### PROBLEM TO WORK ON
Could you set down exactly the lines in the records below between the line holding "then show ?thesis using lc_zero_arg[of" and the line holding "fix t' T' s'", inclusive?

### RECORDS TO PROCESS

lemma NF_red_App_arg_red:
  assumes H: "nf_correct_below (App s t)" and T: "red_t t T" and E: "red_t (App s t) E"
  shows "NF E = app_nf s t"
proof (rule red_t.cases[OF E])
  fix u V assume a: "App s t = App (Bag {#Lam u#}) (Bag V)" "E = linsubst u V"
  then show ?thesis using lc_beta_arg[of u V T] NF_red_arg[OF H T] H T unfolding app_nf_def by auto
next
  fix B t0 assume a: "App s t = App (Bag B) t0" "E = {}" "size B \<noteq> 1"
  then show ?thesis using lc_zero_arg[of B t T] NF_red_arg[OF H T] H T unfolding app_nf_def by auto
next
  fix u s1 s2 assume a: "App s t = App (App (Bag {#Lam u#}) s1) s2" "E = {App (Bag {#Lam (App u (lift_t 0 s2))#}) s1}"
  then show ?thesis using lc_sigma1_red_s2[of u s1 s2 T] NF_red_arg[OF H T] H T unfolding app_nf_def by auto
next
  fix v u s0 assume a: "App s t = App (Bag {#v#}) (App (Bag {#Lam u#}) s0)"
    "E = {App (Bag {#Lam (App (Bag {#lift_v 0 v#}) u)#}) s0}"
  then show ?thesis using lc_sigma3_arg[of v u s0 T] NF_red_arg[OF H T] H T unfolding app_nf_def by auto
next
  fix s' S' t' assume a: "App s t = App s' t'" "E = (\<lambda>x. App x t') ` S'" "red_t s' S'"
  then show ?thesis using NF_red_fun[OF H] unfolding app_nf_def by auto
next
  fix t' T' s' assume a: "App s t = App s' t'" "E = App s' ` T'" "red_t t' T'"
  then show ?thesis using NF_red_arg[OF H] unfolding app_nf_def by auto
next
  fix v W B assume "App s t = Bag (add_mset v B)"
  then show ?thesis by simp
qed

lemma red_App_irreducible_unique:
  assumes "irreducible s" "irreducible t" "red_t (App s t) E1" "red_t (App s t) E2"
  shows "E1 = E2"
  by (rule red_t.cases[OF assms(3)]; rule red_t.cases[OF assms(4)])
    (use assms(1,2) in \<open>auto simp: irreducible_def\<close>)

text \<open>If a component of \<open>s t\<close> is reducible, every one-step reduct of \<open>s t\<close> has the normal forms
  \<open>app_nf s t\<close>; otherwise only one rule applies to \<open>s t\<close>.\<close>

lemma local_confluence_App:
  assumes H: "nf_correct_below (App s t)" and E1: "red_t (App s t) E1" and E2: "red_t (App s t) E2"
  shows "NF E1 = NF E2"
proof (cases "irreducible s \<and> irreducible t")
  case True
  then show ?thesis using red_App_irreducible_unique E1 E2 by blast
next
  case False
  then consider S where "red_t s S" | T where "red_t t T" unfolding irreducible_def by blast
  then show ?thesis
  proof cases
    case 1
    then show ?thesis using NF_red_App_fun_red[OF H 1 E1] NF_red_App_fun_red[OF H 1 E2] by simp
  next
    case 2
    then show ?thesis using NF_red_App_arg_red[OF H 2 E1] NF_red_App_arg_red[OF H 2 E2] by simp
  qed
qed

lemma local_confluence_Bag:
  assumes H: "nf_correct_below (Bag B)" and E1: "red_t (Bag B) E1" and E2: "red_t (Bag B) E2"
  shows "NF E1 = NF E2"
proof -
  obtain v1 C1 W1 where h1: "B = add_mset v1 C1" "red_v v1 W1" "E1 = (\<lambda>w. Bag (add_mset w C1)) ` W1"
    using red_Bag_inv[OF E1] by blast
  obtain t1 T1 where g1: "v1 = Lam t1" "red_t t1 T1" "W1 = Lam ` T1" using red_Lam_inv[OF h1(2)] by blast
  obtain v2 C2 W2 where h2: "B = add_mset v2 C2" "red_v v2 W2" "E2 = (\<lambda>w. Bag (add_mset w C2)) ` W2"
    using red_Bag_inv[OF E2] by blast
  obtain t2 T2 where g2: "v2 = Lam t2" "red_t t2 T2" "W2 = Lam ` T2" using red_Lam_inv[OF h2(2)] by blast
  have e1: "E1 = (\<lambda>t'. Bag (add_mset (Lam t') C1)) ` T1" using h1 g1 by (simp add: image_image)
  have e2: "E2 = (\<lambda>t'. Bag (add_mset (Lam t') C2)) ` T2" using h2 g2 by (simp add: image_image)
  show ?thesis
  proof (cases "v1 = v2")
    case True
    then have "C1 = C2" "t1 = t2" using h1 h2 g1 g2 by auto
    then show ?thesis using NF_red_Bag_Lam[of t1 C1 T1] NF_red_Bag_Lam[of t2 C2 T2] H h1 h2 g1 g2 e1 e2 by simp
  next
    case False
    then obtain D where D: "C1 = add_mset v2 D" "C2 = add_mset v1 D" using h1(1) h2(1)
      by (metis add_eq_conv_ex)
    have B1: "B = add_mset (Lam t1) (add_mset (Lam t2) D)" using h1 D g1 g2 by simp
    have B2: "B = add_mset (Lam t2) (add_mset (Lam t1) D)" using h1 D g1 g2 by (simp add: add_mset_commute)
    have "NF E1 = (\<Union>u1\<in>nf t1. \<Union>u2\<in>nf t2. nf (Bag (add_mset (Lam u1) (add_mset (Lam u2) D))))"
      using NF_red_Bag_other[of t1 t2 D T1] H B1 e1 D g1 g2 by simp
    moreover have "NF E2 = (\<Union>u2\<in>nf t2. \<Union>u1\<in>nf t1. nf (Bag (add_mset (Lam u2) (add_mset (Lam u1) D))))"
      using NF_red_Bag_other[of t2 t1 D T2] H B2 e2 D g1 g2 by simp
    moreover have "(\<Union>u2\<in>nf t2. \<Union>u1\<in>nf t1. nf (Bag (add_mset (Lam u2) (add_mset (Lam u1) D)))) =
        (\<Union>u1\<in>nf t1. \<Union>u2\<in>nf t2. nf (Bag (add_mset (Lam u1) (add_mset (Lam u2) D))))"
      by (auto; metis add_mset_commute)
    ultimately show ?thesis by simp
  qed
qed

lemma local_confluence:
  assumes H: "nf_correct_below e" and E1: "red_t e E1" and E2: "red_t e E2"
  shows "NF E1 = NF E2"
proof (cases e)
  case (App s t)
  then show ?thesis using local_confluence_App H E1 E2 by blast
next
  case (Bag B)
  then show ?thesis using local_confluence_Bag H E1 E2 by blast
qed

theorem nf_correct_all: "nf_correct e"
proof (induction e rule: red_less_induct)
  case (less x)
  have "nf_correct_below x" unfolding nf_correct_below_def using less by blast
  then show ?case using nf_correct_step local_confluence by blast
qed

lemma nf_correct_below_all: "nf_correct_below e"
  unfolding nf_correct_below_def using nf_correct_all by blast

lemma nf_App: "nf (App a b) = app_nf a b"
  using nf_App_below[OF nf_correct_below_all red_less_App(1)[of "App a b"]] .

lemma nf_Bag_Lam: "nf (Bag (add_mset (Lam u) C)) = (\<Union>u'\<in>nf u. nf (Bag (add_mset (Lam u') C)))"
  using nf_Bag_Lam_below[OF nf_correct_below_all red_less_App(1)[of "Bag (add_mset (Lam u) C)"]] .

section \<open>Taylor expansion\<close>

lemma NF_taylor_LApp: "NF (taylor (LApp P Q)) = (\<Union>a\<in>NF (taylor P). \<Union>b\<in>NF (taylor Q). nf (App a b))"
proof -
  have "NF (taylor (LApp P Q)) = (\<Union>s\<in>taylor P. \<Union>t\<in>taylor Q. nf (App s t))"
    unfolding NF_def by auto
  also have "\<dots> = (\<Union>s\<in>taylor P. \<Union>t\<in>taylor Q. \<Union>a\<in>nf s. \<Union>b\<in>nf t. nf (App a b))"
    by (intro SUP_cong refl nf_App[unfolded app_nf_def])
  also have "\<dots> = (\<Union>a\<in>NF (taylor P). \<Union>b\<in>NF (taylor Q). nf (App a b))"
    unfolding NF_def by blast
  finally show ?thesis .
qed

### RESPONSE TO THIS EXERCISE
  then show ?thesis using lc_zero_arg[of B t T] NF_red_arg[OF H T] H T unfolding app_nf_def by auto
next
  fix u s1 s2 assume a: "App s t = App (App (Bag {#Lam u#}) s1) s2" "E = {App (Bag {#Lam (App u (lift_t 0 s2))#}) s1}"
  then show ?thesis using lc_sigma1_red_s2[of u s1 s2 T] NF_red_arg[OF H T] H T unfolding app_nf_def by auto
next
  fix v u s0 assume a: "App s t = App (Bag {#v#}) (App (Bag {#Lam u#}) s0)"
    "E = {App (Bag {#Lam (App (Bag {#lift_v 0 v#}) u)#}) s0}"
  then show ?thesis using lc_sigma3_arg[of v u s0 T] NF_red_arg[OF H T] H T unfolding app_nf_def by auto
next
  fix s' S' t' assume a: "App s t = App s' t'" "E = (\<lambda>x. App x t') ` S'" "red_t s' S'"
  then show ?thesis using NF_red_fun[OF H] unfolding app_nf_def by auto
next
  fix t' T' s' assume a: "App s t = App s' t'" "E = App s' ` T'" "red_t t' T'"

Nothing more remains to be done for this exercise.